**Dataset items:**
——————————

theorem lemma2p10:
  shows "(\<forall>k l. k \<ge> 0 \<and> l \<ge> 0 \<and> (k, l) \<noteq> (0, 0) \<longrightarrow>
            (C k l :: 'k::field fa) = gen_g * C (k - 1) l + gen_x * C k (l - 1) \<and>
            (C k l :: 'k fa) = C (k - 1) l * gen_g + C k (l - 1) * gen_x)
      \<and> (\<forall>n::nat. Delta ((gen_x :: 'k fa) ^ n) =
            (\<Sum>k\<in>{0..n}. tensor (C (int k) (int n - int k)) (gen_x ^ k)))
      \<and> (\<forall>p q :: nat. Delta (C (int p) (int q) :: 'k fa) =
            (\<Sum>k\<in>{0..q}. tensor (C (int p + int k) (int q - int k)) (C (int p) (int k))))"
proof (intro conjI allI impI)
  fix k l :: int
  assume "0 \<le> k \<and> 0 \<le> l \<and> (k, l) \<noteq> (0, 0)"
  then show "(C k l :: 'k fa) = gen_g * C (k - 1) l + gen_x * C k (l - 1)"
    and "(C k l :: 'k fa) = C (k - 1) l * gen_g + C k (l - 1) * gen_x"
    using C_rec_first[of k l] C_rec_last[of k l] by auto
next
  fix n :: nat
  show "Delta ((gen_x :: 'k fa) ^ n) = (\<Sum>k\<in>{0..n}. tensor (C (int k) (int n - int k)) (gen_x ^ k))"
    using Delta_C[of 0 n] by (simp add: gen_x_power_eq_C)
qed (rule Delta_C)

end
(* Let $F=(A,R)$ be an abstract argumentation framework and $S,S'$ initial sets of $F$ with $S\neq S'$. (1) If $S'$ is an unattacked initial set of $F$, then $S'$ is an unattacked initial set of $F^S$. (2) If $S'\to S$, then $S'$ is not an initial set of $F^S$. (3) If not $S'\to S$, then $S'\cap\bigcup\mathrm{IS}(F^S)\neq\emptyset$.
   Context: An abstract argumentation framework is a pair $F=(A,R)$ with $A$ finite and $R\subseteq A\times A$ ($a\to b$ means $(a,b)\in R$). $S^+=\{a\mid\exists b\in S:b\to a\}$, $S^-=\{a\mid\exists b\in S: a\to b\}$, and $S\to S'$ means $S^+\cap S'\neq\emptyset$. $S$ is admissible if conflict-free and every attacker of an element of $S$ is attacked by some element of $S$. An initial set is a non-empty admissible set with no non-empty admissible proper subset; $\mathrm{IS}(F)$ denotes the set of initial sets of $F$. An initial set $S$ is unattacked if $S^-=\emptyset$. The reduct is $F^S=(A',R\cap(A'\times A'))$ with $A'=A\setminus(S\cup S^+)$. *)

theory Defs
  imports Main
begin

definition AF :: "'a set \<Rightarrow> ('a \<times> 'a) set \<Rightarrow> bool" where
  "AF A R \<longleftrightarrow> finite A \<and> R \<subseteq> A \<times> A"

definition att_plus :: "('a \<times> 'a) set \<Rightarrow> 'a set \<Rightarrow> 'a set" where
  "att_plus R S = {a. \<exists>b\<in>S. (b, a) \<in> R}"

definition att_minus :: "('a \<times> 'a) set \<Rightarrow> 'a set \<Rightarrow> 'a set" where
  "att_minus R S = {a. \<exists>b\<in>S. (a, b) \<in> R}"

definition set_attacks :: "('a \<times> 'a) set \<Rightarrow> 'a set \<Rightarrow> 'a set \<Rightarrow> bool" where
  "set_attacks R S S' \<longleftrightarrow> att_plus R S \<inter> S' \<noteq> {}"

definition conflict_free :: "('a \<times> 'a) set \<Rightarrow> 'a set \<Rightarrow> bool" where
  "conflict_free R S \<longleftrightarrow> (\<forall>a\<in>S. \<forall>b\<in>S. (a, b) \<notin> R)"

definition admissible :: "'a set \<Rightarrow> ('a \<times> 'a) set \<Rightarrow> 'a set \<Rightarrow> bool" where
  "admissible A R S \<longleftrightarrow> S \<subseteq> A \<and> conflict_free R S \<and>
     (\<forall>a\<in>S. \<forall>b. (b, a) \<in> R \<longrightarrow> (\<exists>c\<in>S. (c, b) \<in> R))"

definition initial :: "'a set \<Rightarrow> ('a \<times> 'a) set \<Rightarrow> 'a set \<Rightarrow> bool" where
  "initial A R S \<longleftrightarrow> S \<noteq> {} \<and> admissible A R S \<and>
     \<not> (\<exists>T. T \<noteq> {} \<and> T \<subset> S \<and> admissible A R T)"

definition IS :: "'a set \<Rightarrow> ('a \<times> 'a) set \<Rightarrow> 'a set set" where
  "IS A R = {S. initial A R S}"

definition unattacked_initial :: "'a set \<Rightarrow> ('a \<times> 'a) set \<Rightarrow> 'a set \<Rightarrow> bool" where
  "unattacked_initial A R S \<longleftrightarrow> initial A R S \<and> att_minus R S = {}"

definition reduct_args :: "'a set \<Rightarrow> ('a \<times> 'a) set \<Rightarrow> 'a set \<Rightarrow> 'a set" where
  "reduct_args A R S = A - (S \<union> att_plus R S)"

definition reduct_att :: "'a set \<Rightarrow> ('a \<times> 'a) set \<Rightarrow> 'a set \<Rightarrow> ('a \<times> 'a) set" where
  "reduct_att A R S = R \<inter> (reduct_args A R S \<times> reduct_args A R S)"

end

theory Submission
  imports Defs
begin

text \<open>An unattacked initial set is a single unattacked argument, which survives in every reduct
  by another initial set. An admissible set counterattacks every set attacking it, so if \<open>S'\<close>
  attacks \<open>S\<close> then \<open>S\<close> attacks \<open>S'\<close> and \<open>S'\<close> is not even a set of arguments of \<open>F\<^sup>S\<close>; if
  \<open>S'\<close> does not attack \<open>S\<close>, then neither set attacks the other, the non-empty part \<open>S' - S\<close>
  is admissible in \<open>F\<^sup>S\<close> and therefore contains an initial set of \<open>F\<^sup>S\<close>.\<close>

lemma initial_minimal:
  assumes "initial A R S" "admissible A R T" "T \<noteq> {}" "T \<subseteq> S"
  shows "T = S"
  using assms unfolding initial_def by blast

lemma initial_not_psubset:
  assumes "initial A R S" "initial A R T"
  shows "\<not> T \<subset> S"
  using assms initial_minimal unfolding initial_def by blast

lemma admissible_contains_initial:
  assumes "finite T" "T \<noteq> {}" "admissible A R T"
  shows "\<exists>U \<subseteq> T. initial A R U"
  using assms
proof (induction T rule: finite_psubset_induct)
  case (psubset T)
  show ?case
  proof (cases "initial A R T")
    case True
    then show ?thesis by blast
  next
    case False
    then obtain V where V: "V \<noteq> {}" "V \<subset> T" "admissible A R V"
      using psubset.prems unfolding initial_def by blast
    then obtain U where "U \<subseteq> V" "initial A R U"
      using psubset.IH[OF V(2,1,3)] by blast
    with \<open>V \<subset> T\<close> show ?thesis by blast
  qed
qed

lemma admissible_singleton_unattacked:
  assumes "a \<in> A" "\<forall>b. (b, a) \<notin> R"
  shows "admissible A R {a}"
  using assms unfolding admissible_def conflict_free_def by simp

lemma unattacked_initial_iff:
  "unattacked_initial A R S \<longleftrightarrow> (\<exists>a \<in> A. S = {a} \<and> (\<forall>b. (b, a) \<notin> R))"
proof
  assume "unattacked_initial A R S"
  then have init: "initial A R S" and unatt: "\<forall>a \<in> S. \<forall>b. (b, a) \<notin> R"
    unfolding unattacked_initial_def att_minus_def by auto
  then obtain a where "a \<in> S"
    unfolding initial_def by blast
  moreover have "S \<subseteq> A"
    using init unfolding initial_def admissible_def by blast
  ultimately have a: "a \<in> A" "\<forall>b. (b, a) \<notin> R"
    using unatt by auto
  then have "{a} = S"
    using initial_minimal[OF init admissible_singleton_unattacked] \<open>a \<in> S\<close> by blast
  with a show "\<exists>a \<in> A. S = {a} \<and> (\<forall>b. (b, a) \<notin> R)" by blast
next
  assume "\<exists>a \<in> A. S = {a} \<and> (\<forall>b. (b, a) \<notin> R)"
  then obtain a where a: "a \<in> A" "\<forall>b. (b, a) \<notin> R" and S: "S = {a}" by blast
  have "initial A R {a}"
    using admissible_singleton_unattacked[OF a] unfolding initial_def by auto
  moreover have "att_minus R {a} = {}"
    using a(2) unfolding att_minus_def by blast
  ultimately show "unattacked_initial A R S"
    unfolding unattacked_initial_def S by simp
qed

lemma admissible_counterattacks:
  assumes "admissible A R S" "set_attacks R T S"
  shows "set_attacks R S T"
  using assms unfolding admissible_def set_attacks_def att_plus_def by blast

lemma admissible_reduct_diff:
  assumes "admissible A R S" "admissible A R T" "\<not> set_attacks R S T"
  shows "admissible (reduct_args A R S) (reduct_att A R S) (T - S)"
proof -
  have args: "T - S \<subseteq> reduct_args A R S"
    using assms unfolding admissible_def set_attacks_def reduct_args_def att_plus_def by blast
  have "\<exists>c \<in> T - S. (c, b) \<in> reduct_att A R S"
    if "a \<in> T - S" "(b, a) \<in> reduct_att A R S" for a b
  proof -
    from that have "(b, a) \<in> R" "b \<in> reduct_args A R S"
      unfolding reduct_att_def by auto
    moreover obtain c where "c \<in> T" "(c, b) \<in> R"
      using assms(2) \<open>a \<in> T - S\<close> \<open>(b, a) \<in> R\<close> unfolding admissible_def by blast
    \<comment> \<open>the defender \<open>c\<close> of \<open>a\<close> lies outside \<open>S\<close>, since \<open>b\<close> is not attacked by \<open>S\<close>\<close>
    ultimately have "c \<in> T - S"
      unfolding reduct_args_def att_plus_def by blast
    with args \<open>(c, b) \<in> R\<close> \<open>b \<in> reduct_args A R S\<close> show ?thesis
      unfolding reduct_att_def by blast
  qed
  moreover have "conflict_free (reduct_att A R S) (T - S)"
    using assms(2) unfolding admissible_def conflict_free_def reduct_att_def by blast
  ultimately show ?thesis
    using args unfolding admissible_def by blast
qed

lemma unattacked_initial_reduct:
  assumes "initial A R S" "unattacked_initial A R S'" "S \<noteq> S'"
  shows "unattacked_initial (reduct_args A R S) (reduct_att A R S) S'"
proof -
  obtain a where a: "a \<in> A" "\<forall>b. (b, a) \<notin> R" and S': "S' = {a}"
    using assms(2) unfolding unattacked_initial_iff by blast
  have "a \<notin> S"
    using initial_minimal[OF assms(1) admissible_singleton_unattacked[OF a]] assms(3) S' by blast
  with a have "a \<in> reduct_args A R S" "\<forall>b. (b, a) \<notin> reduct_att A R S"
    unfolding reduct_args_def reduct_att_def att_plus_def by auto
  then show ?thesis
    unfolding unattacked_initial_iff S' by blast
qed

lemma attacking_not_initial_reduct:
  assumes "admissible A R S" "set_attacks R S' S"
  shows "\<not> initial (reduct_args A R S) (reduct_att A R S) S'"
proof -
  have "\<not> S' \<subseteq> reduct_args A R S"
    using admissible_counterattacks[OF assms]
    unfolding set_attacks_def reduct_args_def by blast
  then show ?thesis
    unfolding initial_def admissible_def by blast
qed

lemma not_attacking_meets_initial_reduct:
  assumes "finite A" "initial A R S" "initial A R S'" "S \<noteq> S'" "\<not> set_attacks R S' S"
  shows "S' \<inter> \<Union> (IS (reduct_args A R S) (reduct_att A R S)) \<noteq> {}"
proof -
  have adm: "admissible A R S" "admissible A R S'"
    using assms(2,3) unfolding initial_def by auto
  then have "admissible (reduct_args A R S) (reduct_att A R S) (S' - S)"
    using assms(5) admissible_counterattacks admissible_reduct_diff by blast
  moreover have "S' - S \<noteq> {}"
    using initial_not_psubset[OF assms(2,3)] assms(4) by blast
  moreover have "finite (S' - S)"
    using assms(1) adm(2) finite_subset unfolding admissible_def by (metis finite_Diff)
  ultimately obtain U where "U \<subseteq> S' - S" and U: "initial (reduct_args A R S) (reduct_att A R S) U"
    by (meson admissible_contains_initial)
  moreover from U have "U \<in> IS (reduct_args A R S) (reduct_att A R S)" "U \<noteq> {}"
    unfolding IS_def initial_def by simp_all
  ultimately show ?thesis
    by blast
qed

theorem proposition4:
  fixes A :: "'a set" and R :: "('a \<times> 'a) set" and S S' :: "'a set"
  assumes "AF A R"
    and "initial A R S" and "initial A R S'" and "S \<noteq> S'"
  shows "(unattacked_initial A R S' \<longrightarrow>
            unattacked_initial (reduct_args A R S) (reduct_att A R S) S')
       \<and> (set_attacks R S' S \<longrightarrow> \<not> initial (reduct_args A R S) (reduct_att A R S) S')
       \<and> (\<not> set_attacks R S' S \<longrightarrow>
            S' \<inter> \<Union> (IS (reduct_args A R S) (reduct_att A R S)) \<noteq> {})"
proof (intro conjI impI)
  have "finite A" "admissible A R S"
    using assms(1,2) unfolding AF_def initial_def by auto
  show "unattacked_initial (reduct_args A R S) (reduct_att A R S) S'"
    if "unattacked_initial A R S'"
    using unattacked_initial_reduct[OF assms(2) that assms(4)] .
  show "\<not> initial (reduct_args A R S) (reduct_att A R S) S'" if "set_attacks R S' S"
    using attacking_not_initial_reduct[OF \<open>admissible A R S\<close> that] .
  show "S' \<inter> \<Union> (IS (reduct_args A R S) (reduct_att A R S)) \<noteq> {}" if "\<not> set_attacks R S' S"
    using not_attacking_meets_initial_reduct[OF \<open>finite A\<close> assms(2-4) that] .
qed

end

——————————

**What the exercise asks:** From the data above, copy each line that holds "tensor".

**Response area:**
            (\<Sum>k\<in>{0..n}. tensor (C (int k) (int n - int k)) (gen_x ^ k)))
            (\<Sum>k\<in>{0..q}. tensor (C (int p + int k) (int q - int k)) (C (int p) (int k))))"
  show "Delta ((gen_x :: 'k fa) ^ n) = (\<Sum>k\<in>{0..n}. tensor (C (int k) (int n - int k)) (gen_x ^ k))"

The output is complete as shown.